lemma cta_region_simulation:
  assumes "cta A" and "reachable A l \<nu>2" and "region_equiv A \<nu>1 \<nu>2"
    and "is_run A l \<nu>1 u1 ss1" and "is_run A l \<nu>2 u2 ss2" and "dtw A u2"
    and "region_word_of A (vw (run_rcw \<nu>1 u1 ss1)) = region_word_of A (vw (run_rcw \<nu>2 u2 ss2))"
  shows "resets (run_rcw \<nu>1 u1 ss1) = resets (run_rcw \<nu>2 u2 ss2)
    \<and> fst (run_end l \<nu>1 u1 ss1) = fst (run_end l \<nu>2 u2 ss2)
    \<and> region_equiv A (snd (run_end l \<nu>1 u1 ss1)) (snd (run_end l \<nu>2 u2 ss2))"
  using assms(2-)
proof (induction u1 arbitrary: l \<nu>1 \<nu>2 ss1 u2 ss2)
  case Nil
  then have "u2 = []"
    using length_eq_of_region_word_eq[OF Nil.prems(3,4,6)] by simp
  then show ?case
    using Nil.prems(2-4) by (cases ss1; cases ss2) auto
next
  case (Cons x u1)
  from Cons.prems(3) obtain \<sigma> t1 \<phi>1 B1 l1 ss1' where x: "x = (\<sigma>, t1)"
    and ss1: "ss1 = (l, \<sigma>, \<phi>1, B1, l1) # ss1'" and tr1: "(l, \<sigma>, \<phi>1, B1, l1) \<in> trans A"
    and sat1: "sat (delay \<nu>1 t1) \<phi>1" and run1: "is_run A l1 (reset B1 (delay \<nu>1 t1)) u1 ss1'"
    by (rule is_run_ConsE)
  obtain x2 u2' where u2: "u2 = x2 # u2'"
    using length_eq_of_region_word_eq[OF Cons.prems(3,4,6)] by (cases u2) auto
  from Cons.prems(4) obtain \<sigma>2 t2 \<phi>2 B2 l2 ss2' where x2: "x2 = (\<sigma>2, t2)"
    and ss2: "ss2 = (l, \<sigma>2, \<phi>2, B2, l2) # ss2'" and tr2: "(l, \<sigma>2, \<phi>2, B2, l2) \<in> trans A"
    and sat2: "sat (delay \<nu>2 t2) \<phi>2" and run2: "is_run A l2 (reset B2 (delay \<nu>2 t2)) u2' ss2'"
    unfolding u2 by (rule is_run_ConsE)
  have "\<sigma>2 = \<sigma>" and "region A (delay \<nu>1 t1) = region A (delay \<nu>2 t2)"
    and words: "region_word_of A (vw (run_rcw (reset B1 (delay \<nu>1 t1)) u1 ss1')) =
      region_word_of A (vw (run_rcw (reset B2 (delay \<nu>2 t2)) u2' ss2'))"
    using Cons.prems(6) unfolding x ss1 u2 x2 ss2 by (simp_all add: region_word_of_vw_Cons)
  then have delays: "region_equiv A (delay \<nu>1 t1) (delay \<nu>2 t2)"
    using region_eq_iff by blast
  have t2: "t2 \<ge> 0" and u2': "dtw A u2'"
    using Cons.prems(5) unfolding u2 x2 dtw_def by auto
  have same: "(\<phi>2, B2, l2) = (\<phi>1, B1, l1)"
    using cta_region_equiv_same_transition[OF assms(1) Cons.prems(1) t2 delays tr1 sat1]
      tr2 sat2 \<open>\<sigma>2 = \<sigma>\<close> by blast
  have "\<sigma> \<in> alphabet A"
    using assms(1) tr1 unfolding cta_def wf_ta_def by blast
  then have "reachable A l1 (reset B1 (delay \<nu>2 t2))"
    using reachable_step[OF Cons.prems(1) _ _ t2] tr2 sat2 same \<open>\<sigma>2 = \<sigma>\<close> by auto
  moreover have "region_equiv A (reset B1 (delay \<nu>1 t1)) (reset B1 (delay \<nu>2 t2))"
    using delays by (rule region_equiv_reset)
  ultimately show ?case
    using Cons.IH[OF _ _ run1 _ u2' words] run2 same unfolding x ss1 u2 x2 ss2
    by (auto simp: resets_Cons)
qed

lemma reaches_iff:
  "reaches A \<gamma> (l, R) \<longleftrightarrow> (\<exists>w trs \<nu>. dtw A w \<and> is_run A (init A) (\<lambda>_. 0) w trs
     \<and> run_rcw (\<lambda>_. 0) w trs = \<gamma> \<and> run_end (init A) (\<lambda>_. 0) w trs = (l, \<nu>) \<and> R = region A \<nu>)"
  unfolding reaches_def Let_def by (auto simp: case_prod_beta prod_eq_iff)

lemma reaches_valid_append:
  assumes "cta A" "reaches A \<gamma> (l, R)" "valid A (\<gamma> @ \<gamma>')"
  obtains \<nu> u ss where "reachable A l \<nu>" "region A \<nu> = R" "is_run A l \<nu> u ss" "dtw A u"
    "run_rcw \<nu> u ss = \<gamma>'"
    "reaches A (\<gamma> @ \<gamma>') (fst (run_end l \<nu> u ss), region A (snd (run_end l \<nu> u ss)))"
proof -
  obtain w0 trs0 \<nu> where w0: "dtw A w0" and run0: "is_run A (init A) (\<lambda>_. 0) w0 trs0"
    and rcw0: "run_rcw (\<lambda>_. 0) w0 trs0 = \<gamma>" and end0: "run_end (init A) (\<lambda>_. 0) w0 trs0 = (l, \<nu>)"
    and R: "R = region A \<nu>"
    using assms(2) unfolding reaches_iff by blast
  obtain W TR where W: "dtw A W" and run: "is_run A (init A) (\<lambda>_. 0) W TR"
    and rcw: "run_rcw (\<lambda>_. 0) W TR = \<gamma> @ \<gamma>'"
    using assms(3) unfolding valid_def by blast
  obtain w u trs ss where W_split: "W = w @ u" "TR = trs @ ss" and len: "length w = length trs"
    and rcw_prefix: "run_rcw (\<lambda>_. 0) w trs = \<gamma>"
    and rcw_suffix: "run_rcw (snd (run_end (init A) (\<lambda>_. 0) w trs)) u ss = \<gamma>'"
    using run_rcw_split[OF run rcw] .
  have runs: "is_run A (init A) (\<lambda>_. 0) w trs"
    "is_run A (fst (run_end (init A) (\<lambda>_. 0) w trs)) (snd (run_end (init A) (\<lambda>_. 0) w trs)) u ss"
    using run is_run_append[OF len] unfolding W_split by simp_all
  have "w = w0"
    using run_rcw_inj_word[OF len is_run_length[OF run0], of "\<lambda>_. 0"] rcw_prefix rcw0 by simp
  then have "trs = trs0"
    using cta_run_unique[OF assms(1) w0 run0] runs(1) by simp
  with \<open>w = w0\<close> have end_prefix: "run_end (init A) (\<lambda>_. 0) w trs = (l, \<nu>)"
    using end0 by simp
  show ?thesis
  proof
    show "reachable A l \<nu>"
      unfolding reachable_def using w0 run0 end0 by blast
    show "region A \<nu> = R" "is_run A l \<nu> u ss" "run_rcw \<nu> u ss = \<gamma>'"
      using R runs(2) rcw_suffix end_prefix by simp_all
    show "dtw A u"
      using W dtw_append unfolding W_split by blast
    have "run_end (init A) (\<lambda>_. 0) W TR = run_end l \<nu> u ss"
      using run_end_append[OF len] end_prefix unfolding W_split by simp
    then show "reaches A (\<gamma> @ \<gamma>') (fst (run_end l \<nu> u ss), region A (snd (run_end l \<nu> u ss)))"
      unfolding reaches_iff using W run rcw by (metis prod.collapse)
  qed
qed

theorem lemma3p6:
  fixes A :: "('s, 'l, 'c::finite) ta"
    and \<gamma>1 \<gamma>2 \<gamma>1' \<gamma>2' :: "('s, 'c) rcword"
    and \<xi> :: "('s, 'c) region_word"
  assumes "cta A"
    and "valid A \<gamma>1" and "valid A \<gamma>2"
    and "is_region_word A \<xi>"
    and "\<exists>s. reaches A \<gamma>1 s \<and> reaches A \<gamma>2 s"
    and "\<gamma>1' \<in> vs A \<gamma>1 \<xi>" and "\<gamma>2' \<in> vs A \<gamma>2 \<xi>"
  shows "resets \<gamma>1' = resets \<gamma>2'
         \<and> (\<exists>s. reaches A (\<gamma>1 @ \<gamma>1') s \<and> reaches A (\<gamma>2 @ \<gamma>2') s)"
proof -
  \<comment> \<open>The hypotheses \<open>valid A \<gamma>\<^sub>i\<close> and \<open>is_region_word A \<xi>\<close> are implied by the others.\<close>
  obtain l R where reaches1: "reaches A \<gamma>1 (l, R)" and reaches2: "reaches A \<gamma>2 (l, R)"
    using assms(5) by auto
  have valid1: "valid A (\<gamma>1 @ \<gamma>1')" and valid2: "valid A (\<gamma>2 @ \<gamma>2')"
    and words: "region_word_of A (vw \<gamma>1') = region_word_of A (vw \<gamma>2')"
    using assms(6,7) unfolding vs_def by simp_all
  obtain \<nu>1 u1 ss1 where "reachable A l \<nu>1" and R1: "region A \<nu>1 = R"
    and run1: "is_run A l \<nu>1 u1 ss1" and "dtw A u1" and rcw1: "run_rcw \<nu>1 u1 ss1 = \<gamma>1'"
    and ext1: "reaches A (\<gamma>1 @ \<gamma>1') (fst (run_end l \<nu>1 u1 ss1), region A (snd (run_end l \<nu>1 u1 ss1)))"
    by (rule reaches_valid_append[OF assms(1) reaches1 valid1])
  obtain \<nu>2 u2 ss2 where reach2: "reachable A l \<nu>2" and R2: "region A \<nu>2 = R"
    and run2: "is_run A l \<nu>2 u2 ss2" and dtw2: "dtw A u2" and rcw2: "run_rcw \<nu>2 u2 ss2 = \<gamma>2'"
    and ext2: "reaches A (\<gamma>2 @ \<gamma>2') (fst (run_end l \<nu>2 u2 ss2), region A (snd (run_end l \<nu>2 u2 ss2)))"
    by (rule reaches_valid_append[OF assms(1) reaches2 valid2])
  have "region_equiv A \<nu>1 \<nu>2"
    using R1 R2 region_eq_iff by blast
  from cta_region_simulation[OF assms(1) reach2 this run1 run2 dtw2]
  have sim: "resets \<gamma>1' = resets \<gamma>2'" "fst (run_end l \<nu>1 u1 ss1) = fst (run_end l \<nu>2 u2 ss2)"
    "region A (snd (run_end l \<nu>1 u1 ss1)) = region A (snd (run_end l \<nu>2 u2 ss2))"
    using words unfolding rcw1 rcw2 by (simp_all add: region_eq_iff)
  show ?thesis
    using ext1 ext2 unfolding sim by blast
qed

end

====================

▶ **TASK DESCRIPTION**:
Look through the entries above for the word "exists". Say how many lines contain it, using only a number.

▶ **WRITTEN ANSWER**:
3